Ford plant weitere Stellen in Europa abzubauen. Im Bild: Der elektrisch angetriebene Ford Explorer.(Bild:  Ford)
Ford plant weitere Stellen in Europa abzubauen. Im Bild: Der elektrisch angetriebene Ford Explorer.
(Bild: Ford)

Ford will in Europa weitere Stellen abbauen. Das teilte der Betriebsrat des Autoherstellers mit. Man sei informiert worden, dass es in Köln und an Standorten anderer EU-Staaten ein weiteres Restrukturierungsprogramm geben werde, sagte der Betriebsratschef von Ford Europa, Benjamin Gruschka, der Deutschen Presse-Agentur in Köln. Man solle „schlanker und effizienter“ werden.

Gruschkas Angaben zufolge ist es schon das vierte Restrukturierungsprogramm seit 2018. Damals hatte Ford in Köln noch knapp 20.000 Beschäftigte. Inzwischen sind es nur noch rund 13.000. Der genaue Umfang des geplanten Stellenabbaus für Deutschland ist noch unklar, diesen will das Management dem Betriebsrat zufolge erst Ende Juni bekanntgeben. Das Unternehmen war für Presseanfragen zunächst nicht erreichbar. Zuvor hatte der „Kölner Stadt-Anzeiger“ berichtet.

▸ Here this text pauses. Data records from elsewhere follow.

lemma contracting_recurrence_sum_le:
  fixes e d :: "nat \<Rightarrow> real"
  assumes "0 \<le> \<kappa>" and "e 0 = 0" and "\<And>t. 0 \<le> e t"
    and rec: "\<And>t. t < T \<Longrightarrow> e (Suc t) \<le> \<kappa> * e t + d (Suc t)"
  shows "(1 - \<kappa>) * (\<Sum>t=1..T. e t) \<le> (\<Sum>t=1..T. d t)"
proof -
  have "(1 - \<kappa>) * (\<Sum>t=1..n. e t) + \<kappa> * e n \<le> (\<Sum>t=1..n. d t)" if "n \<le> T" for n
    using that
  proof (induction n)
    case 0
    then show ?case using assms(2) by simp
  next
    case (Suc n)
    then have "(1 - \<kappa>) * (\<Sum>t=1..n. e t) + \<kappa> * e n \<le> (\<Sum>t=1..n. d t)"
      and "e (Suc n) \<le> \<kappa> * e n + d (Suc n)"
      using rec by auto
    then show ?case by (simp add: algebra_simps)
  qed
  moreover have "0 \<le> \<kappa> * e T" using assms by simp
  ultimately show ?thesis by fastforce
qed

lemma tracking_sum_le:
  fixes u e d :: "nat \<Rightarrow> real"
  assumes "0 \<le> \<kappa>" "\<kappa> < 1" "0 \<le> c" and "e 0 = 0" and "\<And>t. 0 \<le> e t"
    and rec: "\<And>t. t < T \<Longrightarrow> e (Suc t) \<le> \<kappa> * e t + d (Suc t)"
    and u: "\<And>t. t < T \<Longrightarrow> u (Suc t) \<le> c * e t"
  shows "(\<Sum>t=1..T. u t) \<le> c / (1 - \<kappa>) * (\<Sum>t=1..T. d t)"
proof -
  have "(\<Sum>t=1..T. u t) = (\<Sum>t<T. u (Suc t))"
    by (simp add: sum.atLeast1_atMost_eq)
  also have "\<dots> \<le> (\<Sum>t<T. c * e t)"
    using u by (intro sum_mono) auto
  also have "\<dots> \<le> c * (\<Sum>t=1..T. e t)"
  proof -
    have "(\<Sum>t<T. e t) \<le> (\<Sum>t<Suc T. e t)"
      using assms(5) by simp
    also have "\<dots> = e 0 + (\<Sum>t<T. e (Suc t))"
      by (rule sum.lessThan_Suc_shift)
    also have "\<dots> = (\<Sum>t=1..T. e t)"
      using assms(4) by (simp add: sum.atLeast1_atMost_eq)
    finally show ?thesis
      using assms(3) by (simp add: sum_distrib_left[symmetric] mult_left_mono)
  qed
  also have "\<dots> \<le> c / (1 - \<kappa>) * (\<Sum>t=1..T. d t)"
    using mult_left_mono[OF contracting_recurrence_sum_le[OF assms(1,4,5) rec] assms(3)] assms(2)
    by (simp add: field_simps)
  finally show ?thesis .
qed

lemma ogd_tracking_recurrences:
  fixes X :: "'a::euclidean_space set"
  assumes X: "X \<noteq> {}" "compact X" "convex X" and x0: "x0 \<in> X"
    and "0 < \<alpha>" "\<alpha> \<le> l" and fX: "\<forall>t\<in>{1..T}. f t \<in> FX X \<alpha> l G" and t: "t < T"
  defines "e \<equiv> \<lambda>t. norm (ogd X l f x0 t - theta X f x0 t)"
  shows "e (Suc t) \<le> sqrt (1 - \<alpha> / l) * e t + norm (theta X f x0 (Suc t) - theta X f x0 t)"
    and "(norm (ogd X l f x0 (Suc t) - ogd X l f x0 t))\<^sup>2 \<le> 2 * G / l * e t"
proof -
  let ?x = "ogd X l f x0" and ?\<theta> = "theta X f x0" and ?\<kappa> = "sqrt (1 - \<alpha> / l)"
  have "0 \<le> ?\<kappa>" "?\<kappa> \<le> 1" using assms by auto
  show "e (Suc t) \<le> ?\<kappa> * e t + norm (?\<theta> (Suc t) - ?\<theta> t)"
  proof (cases "t = 0")
    case True
    then show ?thesis by (simp add: e_def theta_def norm_minus_commute)
  next
    case False
    then have "norm (?x (Suc t) - ?\<theta> t) \<le> ?\<kappa> * e t"
      using ogd_step_bounds(1)[OF X x0 assms(5,6), of f t G] fX t by (simp add: e_def)
    moreover have "e (Suc t) \<le> norm (?x (Suc t) - ?\<theta> t) + norm (?\<theta> (Suc t) - ?\<theta> t)"
      unfolding e_def using norm_triangle_ineq4[of "?x (Suc t) - ?\<theta> t" "?\<theta> (Suc t) - ?\<theta> t"]
      by simp
    ultimately show ?thesis by linarith
  qed
  show "(norm (?x (Suc t) - ?x t))\<^sup>2 \<le> 2 * G / l * e t"
  proof (cases "t = 0")
    case True
    then show ?thesis by (simp add: e_def theta_def)
  next
    case False
    define n where "n = norm (?x (Suc t) - ?x t)"
    have "n \<le> G / l"
      using ogd_step_bounds(2)[OF X x0 assms(5,6), of f t G] fX t False by (simp add: n_def)
    moreover have "n \<le> norm (?x (Suc t) - ?\<theta> t) + e t"
      unfolding n_def e_def using norm_triangle_ineq4[of "?x (Suc t) - ?\<theta> t" "?x t - ?\<theta> t"]
      by simp
    moreover have "norm (?x (Suc t) - ?\<theta> t) \<le> ?\<kappa> * e t"
      using ogd_step_bounds(1)[OF X x0 assms(5,6), of f t G] fX t False by (simp add: e_def)
    moreover have "?\<kappa> * e t \<le> e t"
      using \<open>0 \<le> ?\<kappa>\<close> \<open>?\<kappa> \<le> 1\<close> by (simp add: e_def mult_left_le_one_le)
    ultimately have "n \<le> G / l" "n \<le> 2 * e t" "0 \<le> n" by (auto simp: n_def)
    then have "n * n \<le> G / l * (2 * e t)" by (meson mult_mono order_trans)
    then show ?thesis by (simp add: n_def power2_eq_square mult.commute mult.left_commute)
  qed
qed

theorem lemma8:
  fixes X :: "'a::euclidean_space set" and f :: "nat \<Rightarrow> 'a \<Rightarrow> real"
    and x0 :: 'a and \<alpha> l G :: real and T :: nat
  assumes "X \<noteq> {}" and "compact X" and "convex X" and "x0 \<in> X"
    and "0 < \<alpha>" and "\<alpha> \<le> l"
    and "\<forall>t\<in>{1..T}. f t \<in> FX X \<alpha> l G"
  shows "(\<Sum>t=1..T. (norm (ogd X l f x0 t - ogd X l f x0 (t - 1)))\<^sup>2)
     \<le> 2 * G / (l * (1 - sqrt (1 - \<alpha> / l))) * (\<Sum>t=1..T. norm (theta X f x0 t - theta X f x0 (t - 1)))"
proof (cases "T = 0")
  case False
  have l: "0 < l" using assms by linarith
  have "f 1 \<in> FX X \<alpha> l G" using assms(7) False by simp
  then have "norm (grad (f 1) x0) \<le> G"
    using assms(4) by (simp add: FX_def)
  then have "0 \<le> G" using norm_ge_zero order_trans by blast
  have "sqrt (1 - \<alpha> / l) < 1" using assms l by (simp add: field_simps)
  have "(\<Sum>t=1..T. (norm (ogd X l f x0 t - ogd X l f x0 (t - 1)))\<^sup>2)
     \<le> 2 * G / l / (1 - sqrt (1 - \<alpha> / l)) * (\<Sum>t=1..T. norm (theta X f x0 t - theta X f x0 (t - 1)))"
    using ogd_tracking_recurrences[OF assms] \<open>0 \<le> G\<close> l
    by (intro tracking_sum_le[where e="\<lambda>t. norm (ogd X l f x0 t - theta X f x0 t)"]
        \<open>sqrt (1 - \<alpha> / l) < 1\<close>) (auto simp: assms(4,6) theta_def)
  then show ?thesis by simp
qed simp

Investitionen in den Standort Köln

Ford ist in einer schwierigen Phase. Langjährig bewährte Verbrennermodelle wie der Kleinwagen Fiesta wurden ausgemustert, der Pkw-Marktanteil von Ford in Europa sank über die Jahre. Teile der Entwicklungsabteilung verlagerte der Autohersteller in die USA.

Mit einer Investition von knapp zwei Milliarden Euro setzte der US-Konzern aber weiter auf seinen Kölner Standort, der neben der Europazentrale auch die Produktion umfasst. Erst kürzlich rollte der erste elektrische Ford Explorer als Serienfahrzeug vom Band – es ist der erste für den Massenmarkt hergestellte E-Auto von Ford Europa, für den Autohersteller ist es ein Hoffnungsträger.

Ein zweites Modell soll noch dieses Jahr folgen. Die Produktionskapazität für diese beiden Modelle beträgt künftig insgesamt bis zu 250.000 Fahrzeuge im Jahr. Allerdings kann der Konzern mit seinen elektrischen Modellen noch keine Gewinne erzielen. Aufgrund sehr niedriger Stückzahlen überwiegen noch die hohen Investitionen in die Antriebssparte. So weist Ford im ersten Quartal 2024 für seine E-Autosparte einen Verlust von 1,3 Milliarden US-Dollar aus – bei etwa 10.000 verkauften Einheiten im Zeitraum.

„Unsicherheit statt Fokus auf Markteinführung“

Betriebsrat Gruschka kritisierte die Entscheidung scharf: „Anstatt sich auf die Markteinführung der zwei Kölner Elektroautos zu konzentrieren, verursacht das europäische Top-Management mit seiner Ankündigung einer neuen Restrukturierungswelle viel Unsicherheit“, sagte der Betriebsratschef. Man habe gerade erst einen Restrukturierungsplan abgeschlossen und schon folge der nächste.

Bei einer Betriebsversammlung am Dienstagmorgen (18. Juni) hatte sich das Management nach Angaben des Betriebsrats ferngehalten und damit den Arbeitnehmervertretern überlassen, die schlechte Nachricht zu überbringen.

Neben Köln hat Ford in Deutschland noch einen Standort im saarländischen Saarlouis. Dort soll die Produktion Ende 2025 eingestellt werden – das wurde schon vor längerer Zeit entschieden.